text \<open>Exchanging the order of summation, \<open>\<Sum>\<^sub>n X\<^sub>n u\<^sub>n = \<Sum>\<^sub>l S\<^sub>l\<close>, where \<open>S\<^sub>l\<close> is the
  series \<open>\<Sum>\<^sub>k Z\<^sub>k a(k + l, k) u(k + l)\<close> of orthogonal random vectors. Kolmogorov's maximal
  inequality, integrated over dyadic levels, bounds the expected supremum of the norms of the partial
  sums of \<open>S\<^sub>l\<close> by \<open>5 (\<Sum>\<^sub>k a(k + l, k)\<^sup>2 \<parallel>u(k + l)\<parallel>\<^sup>2)\<^sup>1\<^sup>/\<^sup>2 \<le> 5 C (l + 1)\<^sup>-\<^sup>\<alpha> (\<Sum>\<^sub>n \<parallel>u\<^sub>n\<parallel>\<^sup>2)\<^sup>1\<^sup>/\<^sup>2\<close>,
  which is summable in \<open>l\<close> since \<open>\<alpha> > 1\<close>. So almost surely every \<open>S\<^sub>l\<close> converges and all their
  partial sums are dominated by one summable sequence; a Tannery-type exchange of limits then gives
  convergence of \<open>\<Sum>\<^sub>n\<^sub><\<^sub>N X\<^sub>n u\<^sub>n\<close>, a sum along diagonals. Symmetry of the \<open>Z\<^sub>k\<close> is used only
  to get mean zero, and the signs \<open>\<epsilon>\<^sub>n\<close> are absorbed into \<open>u\<^sub>n\<close>.\<close>

section \<open>Layer-cake bound from a weak \<open>L\<^sup>2\<close> tail\<close>

lemma ennreal_le_dyadic_layers:
  fixes y \<delta> :: real
  assumes \<delta>: "0 < \<delta>"
  shows "ennreal y \<le> ennreal \<delta> + (\<Sum>i. ennreal (\<delta> * 2 ^ Suc i) * of_bool (\<delta> * 2 ^ i < y))"
proof (cases "y \<le> \<delta>")
  case True
  then show ?thesis by (intro add_increasing2 ennreal_leI) simp_all
next
  case False
  obtain N where "y / \<delta> < 2 ^ N" using real_arch_pow[of 2 "y / \<delta>"] by auto
  then have "y < \<delta> * 2 ^ N" using \<delta> by (simp add: field_simps)
  also have "\<dots> \<le> \<delta> * 2 ^ Suc N" using \<delta> by simp
  finally have ex: "\<exists>i. y \<le> \<delta> * 2 ^ Suc i" using less_imp_le by blast
  define i0 where "i0 = (LEAST i. y \<le> \<delta> * 2 ^ Suc i)"
  have i0: "y \<le> \<delta> * 2 ^ Suc i0" unfolding i0_def by (rule LeastI_ex[OF ex])
  have i0': "\<delta> * 2 ^ i0 < y"
  proof (cases i0)
    case 0
    then show ?thesis using False by simp
  next
    case (Suc k)
    then have "\<not> y \<le> \<delta> * 2 ^ Suc k"
      using not_less_Least[of k "\<lambda>i. y \<le> \<delta> * 2 ^ Suc i"] unfolding i0_def[symmetric] by auto
    then show ?thesis using Suc by simp
  qed
  have "ennreal y \<le> ennreal (\<delta> * 2 ^ Suc i0) * of_bool (\<delta> * 2 ^ i0 < y)"
    using i0 i0' by (simp add: ennreal_leI)
  also have "\<dots> \<le> (\<Sum>i. ennreal (\<delta> * 2 ^ Suc i) * of_bool (\<delta> * 2 ^ i < y))"
    using sum_le_suminf[OF summableI, of "{i0}" "\<lambda>i. ennreal (\<delta> * 2 ^ Suc i) * of_bool (\<delta> * 2 ^ i < y)"]
    by auto
  also have "\<dots> \<le> ennreal \<delta> + \<dots>" by simp
  finally show ?thesis .
qed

= = = =

(WORK REQUIRED) Recreate the full listing above precisely.

(ANSWER BOX)
text \<open>Exchanging the order of summation, \<open>\<Sum>\<^sub>n X\<^sub>n u\<^sub>n = \<Sum>\<^sub>l S\<^sub>l\<close>, where \<open>S\<^sub>l\<close> is the
  series \<open>\<Sum>\<^sub>k Z\<^sub>k a(k + l, k) u(k + l)\<close> of orthogonal random vectors. Kolmogorov's maximal
  inequality, integrated over dyadic levels, bounds the expected supremum of the norms of the partial
  sums of \<open>S\<^sub>l\<close> by \<open>5 (\<Sum>\<^sub>k a(k + l, k)\<^sup>2 \<parallel>u(k + l)\<parallel>\<^sup>2)\<^sup>1\<^sup>/\<^sup>2 \<le> 5 C (l + 1)\<^sup>-\<^sup>\<alpha> (\<Sum>\<^sub>n \<parallel>u\<^sub>n\<parallel>\<^sup>2)\<^sup>1\<^sup>/\<^sup>2\<close>,
  which is summable in \<open>l\<close> since \<open>\<alpha> > 1\<close>. So almost surely every \<open>S\<^sub>l\<close> converges and all their
  partial sums are dominated by one summable sequence; a Tannery-type exchange of limits then gives
  convergence of \<open>\<Sum>\<^sub>n\<^sub><\<^sub>N X\<^sub>n u\<^sub>n\<close>, a sum along diagonals. Symmetry of the \<open>Z\<^sub>k\<close> is used only
  to get mean zero, and the signs \<open>\<epsilon>\<^sub>n\<close> are absorbed into \<open>u\<^sub>n\<close>.\<close>

section \<open>Layer-cake bound from a weak \<open>L\<^sup>2\<close> tail\<close>

lemma ennreal_le_dyadic_layers:
  fixes y \<delta> :: real
  assumes \<delta>: "0 < \<delta>"
  shows "ennreal y \<le> ennreal \<delta> + (\<Sum>i. ennreal (\<delta> * 2 ^ Suc i) * of_bool (\<delta> * 2 ^ i < y))"
proof (cases "y \<le> \<delta>")
  case True
  then show ?thesis by (intro add_increasing2 ennreal_leI) simp_all
next
  case False
  obtain N where "y / \<delta> < 2 ^ N" using real_arch_pow[of 2 "y / \<delta>"] by auto
  then have "y < \<delta> * 2 ^ N" using \<delta> by (simp add: field_simps)
  also have "\<dots> \<le> \<delta> * 2 ^ Suc N" using \<delta> by simp
  finally have ex: "\<exists>i. y \<le> \<delta> * 2 ^ Suc i" using less_imp_le by blast
  define i0 where "i0 = (LEAST i. y \<le> \<delta> * 2 ^ Suc i)"
  have i0: "y \<le> \<delta> * 2 ^ Suc i0" unfolding i0_def by (rule LeastI_ex[OF ex])
  have i0': "\<delta> * 2 ^ i0 < y"
  proof (cases i0)
    case 0
    then show ?thesis using False by simp
  next
    case (Suc k)
    then have "\<not> y \<le> \<delta> * 2 ^ Suc k"
      using not_less_Least[of k "\<lambda>i. y \<le> \<delta> * 2 ^ Suc i"] unfolding i0_def[symmetric] by auto
    then show ?thesis using Suc by simp
  qed
  have "ennreal y \<le> ennreal (\<delta> * 2 ^ Suc i0) * of_bool (\<delta> * 2 ^ i0 < y)"
    using i0 i0' by (simp add: ennreal_leI)
  also have "\<dots> \<le> (\<Sum>i. ennreal (\<delta> * 2 ^ Suc i) * of_bool (\<delta> * 2 ^ i < y))"
    using sum_le_suminf[OF summableI, of "{i0}" "\<lambda>i. ennreal (\<delta> * 2 ^ Suc i) * of_bool (\<delta> * 2 ^ i < y)"]
    by auto
  also have "\<dots> \<le> ennreal \<delta> + \<dots>" by simp
  finally show ?thesis .
qed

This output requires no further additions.